Exercise: Provide again, from the entries below, every line from the one containing "interpret P: prob_space" through the one containing "using that E_sets", exactly as written, and no other line.

Segment Start: Records to process

(* Node i's view of one round: h1 l is the proposal of node l, h2 k the history node k picked
  from the proposals it saw reliably broadcast (B k), A and K, R are the sets N_R of the first
  and N_B, N_R of the second step at node i, and h is the history i adopts. *)
lemma best_of_bests_iff_strict_max:
  fixes h1 :: "'i \<Rightarrow> 'm history" and h2 :: "'k \<Rightarrow> 'm history"
  assumes inj: "inj h1"
    and best2: "\<And>k. k \<in> K \<union> R \<Longrightarrow> is_best (h2 k) (h1 ` B k)"
    and B_sub: "\<And>k. k \<in> K \<union> R \<Longrightarrow> B k \<subseteq> A"
    and spread: "h2 ` K \<subseteq> h2 ` R"
    and best: "is_best h (h2 ` R)"
  shows "h \<in> h2 ` K \<and> uniquely_best h (h1 ` A) \<longleftrightarrow>
    (\<exists>l\<in>\<Union>(B ` K). is_strict_max_on A (prio \<circ> h1) l)"
proof
  assume delivered: "h \<in> h2 ` K \<and> uniquely_best h (h1 ` A)"
  then obtain k where k: "k \<in> K" "h = h2 k" by blast
  with best2 obtain l where l: "l \<in> B k" "h = h1 l" unfolding is_best_def by blast
  have "prio (h1 l') < prio (h1 l)" if "l' \<in> A" "l' \<noteq> l" for l'
  proof -
    have "h1 l' \<in> h1 ` A" "h1 l' \<noteq> h" using that l inj by (auto dest: injD)
    then have "\<not> prio h \<le> prio (h1 l')" using delivered unfolding uniquely_best_def by blast
    then show ?thesis using l(2) by simp
  qed
  then have "is_strict_max_on A (prio \<circ> h1) l" unfolding is_strict_max_on_def by simp
  with k l show "\<exists>l\<in>\<Union>(B ` K). is_strict_max_on A (prio \<circ> h1) l" by blast
next
  assume "\<exists>l\<in>\<Union>(B ` K). is_strict_max_on A (prio \<circ> h1) l"
  then obtain k l where k: "k \<in> K" and l: "l \<in> B k"
    and max: "is_strict_max_on A (prio \<circ> h1) l" by blast
  have lA: "l \<in> A" using B_sub k l by blast
  have h2k: "h2 k = h1 l"
  proof -
    have best_k: "is_best (h2 k) (h1 ` B k)" using best2 k by blast
    then obtain l0 where l0: "l0 \<in> B k" "h2 k = h1 l0" unfolding is_best_def by blast
    have "prio (h1 l) \<le> prio (h1 l0)"
      using best_k l l0(2) unfolding is_best_def by (auto simp: not_less)
    then have "l0 = l" using is_strict_max_on_unique[OF max] B_sub k l0(1) by auto
    with l0(2) show ?thesis by simp
  qed
  have h_eq: "h = h1 l"
  proof -
    obtain k' where k': "k' \<in> R" "h = h2 k'" using best unfolding is_best_def by blast
    then obtain l1 where l1: "l1 \<in> B k'" "h = h1 l1" using best2 unfolding is_best_def by blast
    have "h2 k \<in> h2 ` R" using spread k by blast
    then have "prio (h1 l) \<le> prio (h1 l1)"
      using best h2k l1(2) unfolding is_best_def by (auto simp: not_less)
    then have "l1 = l" using is_strict_max_on_unique[OF max] B_sub k' l1(1) by auto
    with l1(2) show ?thesis by simp
  qed
  have "h \<in> h2 ` K" using k by (simp add: h_eq h2k[symmetric])
  moreover have "uniquely_best h (h1 ` A)"
    using lA max h_eq unfolding uniquely_best_def is_strict_max_on_def by (auto simp: not_le)
  ultimately show "h \<in> h2 ` K \<and> uniquely_best h (h1 ` A)" ..
qed

lemma borel_measurable_PiM_component:
  assumes "sets D = sets borel"
  shows "(\<lambda>x. x c) \<in> borel_measurable (PiM K (\<lambda>_. D))"
proof (cases "c \<in> K")
  case True
  then have "(\<lambda>x. x c) \<in> measurable (PiM K (\<lambda>_. D)) D" by measurable
  then show ?thesis using measurable_cong_sets[OF refl assms] by blast
next
  case False
  then have "\<And>x. x \<in> space (PiM K (\<lambda>_. D)) \<Longrightarrow> x c = undefined"
    by (auto simp: space_PiM PiE_def extensional_def)
  then show ?thesis using measurable_cong[of "PiM K (\<lambda>_. D)" "\<lambda>x. x c" "\<lambda>_. undefined"] by simp
qed

lemma pred_is_strict_max_on_PiM:
  fixes D :: "real measure"
  assumes "sets D = sets borel" "finite A"
  shows "Measurable.pred (PiM K (\<lambda>_. D)) (\<lambda>x. is_strict_max_on A (\<lambda>l. x (f l)) l)"
proof -
  note [measurable] = borel_measurable_PiM_component[OF assms(1)]
  show ?thesis unfolding is_strict_max_on_def using assms(2) by measurable
qed

lemma sets_PiM_ex_strict_max:
  fixes D :: "real measure"
  assumes "sets D = sets borel" "finite U" "finite A"
  shows "{x \<in> space (PiM K (\<lambda>_. D)). \<exists>l\<in>U. is_strict_max_on A (\<lambda>l. x (f l)) l}
    \<in> sets (PiM K (\<lambda>_. D))"
  using pred_is_strict_max_on_PiM[OF assms(1,3)] assms(2) unfolding pred_def
  by (rule sets.sets_Collect_finite_Ex)

lemma measure_PiM_reindex:
  assumes D: "prob_space D" and f: "inj_on f I" "f \<in> I \<rightarrow> J" and S: "S \<in> sets (PiM I (\<lambda>_. D))"
  shows "measure (PiM J (\<lambda>_. D)) {\<omega> \<in> space (PiM J (\<lambda>_. D)). (\<lambda>i\<in>I. \<omega> (f i)) \<in> S} =
    measure (PiM I (\<lambda>_. D)) S"
proof -
  let ?r = "\<lambda>\<omega>. \<lambda>i\<in>I. \<omega> (f i)"
  have r: "?r \<in> measurable (PiM J (\<lambda>_. D)) (PiM I (\<lambda>_. D))"
    using f(2) by (auto intro!: measurable_restrict measurable_component_singleton)
  have "measure (PiM I (\<lambda>_. D)) S = measure (distr (PiM J (\<lambda>_. D)) (PiM I (\<lambda>_. D)) ?r) S"
    using distr_PiM_reindex[of J "\<lambda>_. D" f I] D f by simp
  also have "\<dots> = measure (PiM J (\<lambda>_. D)) (?r -` S \<inter> space (PiM J (\<lambda>_. D)))"
    by (rule measure_distr[OF r S])
  finally show ?thesis by (simp add: vimage_def Int_def conj_commute)
qed

lemma measure_PiM_strict_max_eq:
  fixes D :: "real measure"
  assumes D: "prob_space D" "sets D = sets borel" and I: "finite I" "a \<in> I" "b \<in> I"
  shows "measure (PiM I (\<lambda>_. D)) {x \<in> space (PiM I (\<lambda>_. D)). is_strict_max_on I x a} =
    measure (PiM I (\<lambda>_. D)) {x \<in> space (PiM I (\<lambda>_. D)). is_strict_max_on I x b}"
proof -
  let ?P = "PiM I (\<lambda>_. D)" and ?\<tau> = "Transposition.transpose a b"
  have bij: "bij_betw ?\<tau> I I" using I by simp
  have "{x \<in> space ?P. is_strict_max_on I x b} \<in> sets ?P"
    using pred_is_strict_max_on_PiM[OF D(2) I(1), where K=I and f="\<lambda>l. l" and l=b]
    unfolding pred_def by simp
  then have "measure ?P {x \<in> space ?P. (\<lambda>i\<in>I. x (?\<tau> i)) \<in> {y \<in> space ?P. is_strict_max_on I y b}} =
      measure ?P {x \<in> space ?P. is_strict_max_on I x b}"
    using bij by (intro measure_PiM_reindex D(1)) (auto simp: bij_betw_def)
  moreover have "(\<lambda>i\<in>I. x (?\<tau> i)) \<in> space ?P" if "x \<in> space ?P" for x
    using that bij by (auto simp: space_PiM bij_betw_def)
  then have "{x \<in> space ?P. (\<lambda>i\<in>I. x (?\<tau> i)) \<in> {y \<in> space ?P. is_strict_max_on I y b}} =
      {x \<in> space ?P. is_strict_max_on I x a}"
    using is_strict_max_on_restrict[OF I(3)] is_strict_max_on_bij_betw[OF bij I(3)] by auto
  ultimately show ?thesis by simp
qed

lemma measure_PiM_ex_strict_max:
  fixes D :: "real measure"
  assumes D: "prob_space D" "sets D = sets borel" and "0 < n" "U \<subseteq> {1..n}"
  shows "measure (PiM {1..n} (\<lambda>_. D))
      {x \<in> space (PiM {1..n} (\<lambda>_. D)). \<exists>l\<in>U. is_strict_max_on {1..n} x l} =
    card U * (1 - tie_prob D n) / n"
proof -
  let ?P = "PiM {1..n} (\<lambda>_. D)"
  interpret P: prob_space ?P by (rule prob_space_PiM) (use D in auto)
  define E where "E l = {x \<in> space ?P. is_strict_max_on {1..n} x l}" for l
  have E_sets: "E l \<in> P.events" for l
    using pred_is_strict_max_on_PiM[OF D(2), where A="{1..n}" and K="{1..n}" and f="\<lambda>l. l" and l=l]
    unfolding E_def pred_def by simp
  have "disjoint_family_on E {1..n}"
    unfolding E_def by (rule disjoint_family_on_strict_max)
  have measure_UN_E: "measure ?P (\<Union>l\<in>V. E l) = card V * measure ?P (E 1)" if "V \<subseteq> {1..n}" for V
  proof -
    have "measure ?P (\<Union>l\<in>V. E l) = (\<Sum>l\<in>V. measure ?P (E l))"
      using that E_sets \<open>disjoint_family_on E {1..n}\<close>
      by (intro P.finite_measure_finite_Union) (auto intro: finite_subset disjoint_family_on_mono)
    also have "\<dots> = (\<Sum>l\<in>V. measure ?P (E 1))"
      using that \<open>0 < n\<close> unfolding E_def
      by (intro sum.cong refl measure_PiM_strict_max_eq[OF D]) auto
    finally show ?thesis by simp
  qed
  have no_tie: "(\<exists>l\<in>{1..n}. is_strict_max_on {1..n} x l) \<longleftrightarrow>
      \<not> (\<exists>j\<in>{1..n}. \<exists>k\<in>{1..n}. j \<noteq> k \<and> x j = x k \<and> (\<forall>l\<in>{1..n}. x l \<le> x j))" for x
    using \<open>0 < n\<close> by (intro ex_strict_max_iff_no_tie) auto
  have "space ?P - (\<Union>l\<in>{1..n}. E l) =
      {x \<in> space ?P. \<not> (\<exists>l\<in>{1..n}. is_strict_max_on {1..n} x l)}"
    unfolding E_def by blast
  also have "\<dots> =
      {x \<in> space ?P. \<exists>j\<in>{1..n}. \<exists>k\<in>{1..n}. j \<noteq> k \<and> x j = x k \<and> (\<forall>l\<in>{1..n}. x l \<le> x j)}"
    by (simp only: no_tie not_not)
  finally have "tie_prob D n = measure ?P (space ?P - (\<Union>l\<in>{1..n}. E l))"
    unfolding tie_prob_def by simp
  also have "\<dots> = 1 - n * measure ?P (E 1)"
    using P.prob_compl[of "\<Union>l\<in>{1..n}. E l"] E_sets measure_UN_E[of "{1..n}"] by auto
  finally have "tie_prob D n = 1 - n * measure ?P (E 1)" .
  moreover have "{x \<in> space ?P. \<exists>l\<in>U. is_strict_max_on {1..n} x l} = (\<Union>l\<in>U. E l)"
    unfolding E_def by blast
  ultimately show ?thesis using measure_UN_E[OF \<open>U \<subseteq> {1..n}\<close>] \<open>0 < n\<close> by simp
qed

lemma measure_round_ex_strict_max:
  fixes D :: "real measure"
  assumes D: "prob_space D" "sets D = sets borel" and n: "0 < n" and U: "U \<subseteq> {1..n}"
  shows "measure (PiM UNIV (\<lambda>_::nat \<times> nat. D))
      {\<omega> \<in> space (PiM UNIV (\<lambda>_::nat \<times> nat. D)). \<exists>l\<in>U. is_strict_max_on {1..n} (\<lambda>l. \<omega> (s, l)) l} =
    card U * (1 - tie_prob D n) / n"
proof -
  let ?P = "PiM {1..n} (\<lambda>_. D)" and ?M = "PiM UNIV (\<lambda>_::nat \<times> nat. D)"
  let ?S = "{x \<in> space ?P. \<exists>l\<in>U. is_strict_max_on {1..n} x l}"
  have "?S \<in> sets ?P"
    using sets_PiM_ex_strict_max[OF D(2), where K="{1..n}" and f="\<lambda>l. l" and A="{1..n}" and U=U] U
    by (auto intro: finite_subset)
  then have "measure ?M {\<omega> \<in> space ?M. (\<lambda>l\<in>{1..n}. \<omega> (s, l)) \<in> ?S} = measure ?P ?S"
    by (intro measure_PiM_reindex D(1)) (auto simp: inj_on_def)
  moreover have "{\<omega> \<in> space ?M. (\<lambda>l\<in>{1..n}. \<omega> (s, l)) \<in> ?S} =
      {\<omega> \<in> space ?M. \<exists>l\<in>U. is_strict_max_on {1..n} (\<lambda>l. \<omega> (s, l)) l}"
    using U is_strict_max_on_restrict[of _ "{1..n}"] by (auto simp: space_PiM subset_iff)
  ultimately show ?thesis using measure_PiM_ex_strict_max[OF D n U] by simp
qed

lemma indep_vars_PiM_components:
  assumes M: "\<And>i. i \<in> I \<Longrightarrow> prob_space (M i)"
  shows "prob_space.indep_vars (PiM I M) M (\<lambda>i \<omega>. \<omega> i) I"
proof -
  interpret prob_space "PiM I M" using M by (rule prob_space_PiM)
  show ?thesis
  proof (cases "I = {}")
    case True
    then show ?thesis unfolding indep_vars_def indep_sets_def by simp
  next
    case False
    have "distr (PiM I M) (PiM I M) (\<lambda>\<omega>. \<lambda>i\<in>I. \<omega> i) = distr (PiM I M) (PiM I M) (\<lambda>\<omega>. \<omega>)"
      by (rule distr_cong) (auto simp: space_PiM PiE_restrict)
    also have "\<dots> = PiM I M" by (rule distr_id)
    also have "\<dots> = PiM I (\<lambda>i. distr (PiM I M) (M i) (\<lambda>\<omega>. \<omega> i))"
      by (rule PiM_cong) (simp_all add: distr_PiM_component M)
    finally show ?thesis
      using False
      by (subst indep_vars_iff_distr_eq_PiM') (auto intro: measurable_component_singleton)
  qed
qed

lemma indep_events_PiM_blocks:
  assumes M: "\<And>i. i \<in> I \<Longrightarrow> prob_space (M i)"
    and K: "\<And>s. s \<in> L \<Longrightarrow> K s \<subseteq> I" "disjoint_family_on K L"
    and P: "\<And>s. s \<in> L \<Longrightarrow> {x \<in> space (PiM (K s) M). P s x} \<in> sets (PiM (K s) M)"
  shows "prob_space.indep_events (PiM I M) (\<lambda>s. {\<omega> \<in> space (PiM I M). P s (restrict \<omega> (K s))}) L"
proof -
  interpret prob_space "PiM I M" using M by (rule prob_space_PiM)
  show ?thesis
    using indep_vars_restrict[OF indep_vars_PiM_components[OF M] K] P
    by (rule indep_eventsI_indep_vars)
qed

lemma is_TSB_member:
  assumes "is_TSB n tr tb ts alive NR NB msg" "j \<in> {1..n}" "k \<in> NR t j \<union> NB t j"
  shows "k \<in> {1..n}" "alive t k"
  using assms unfolding is_TSB_def by blast+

Segment End: Records to process

Reply to the exercise:
  interpret P: prob_space ?P by (rule prob_space_PiM) (use D in auto)
  define E where "E l = {x \<in> space ?P. is_strict_max_on {1..n} x l}" for l
  have E_sets: "E l \<in> P.events" for l
    using pred_is_strict_max_on_PiM[OF D(2), where A="{1..n}" and K="{1..n}" and f="\<lambda>l. l" and l=l]
    unfolding E_def pred_def by simp
  have "disjoint_family_on E {1..n}"
    unfolding E_def by (rule disjoint_family_on_strict_max)
  have measure_UN_E: "measure ?P (\<Union>l\<in>V. E l) = card V * measure ?P (E 1)" if "V \<subseteq> {1..n}" for V
  proof -
    have "measure ?P (\<Union>l\<in>V. E l) = (\<Sum>l\<in>V. measure ?P (E l))"
      using that E_sets \<open>disjoint_family_on E {1..n}\<close>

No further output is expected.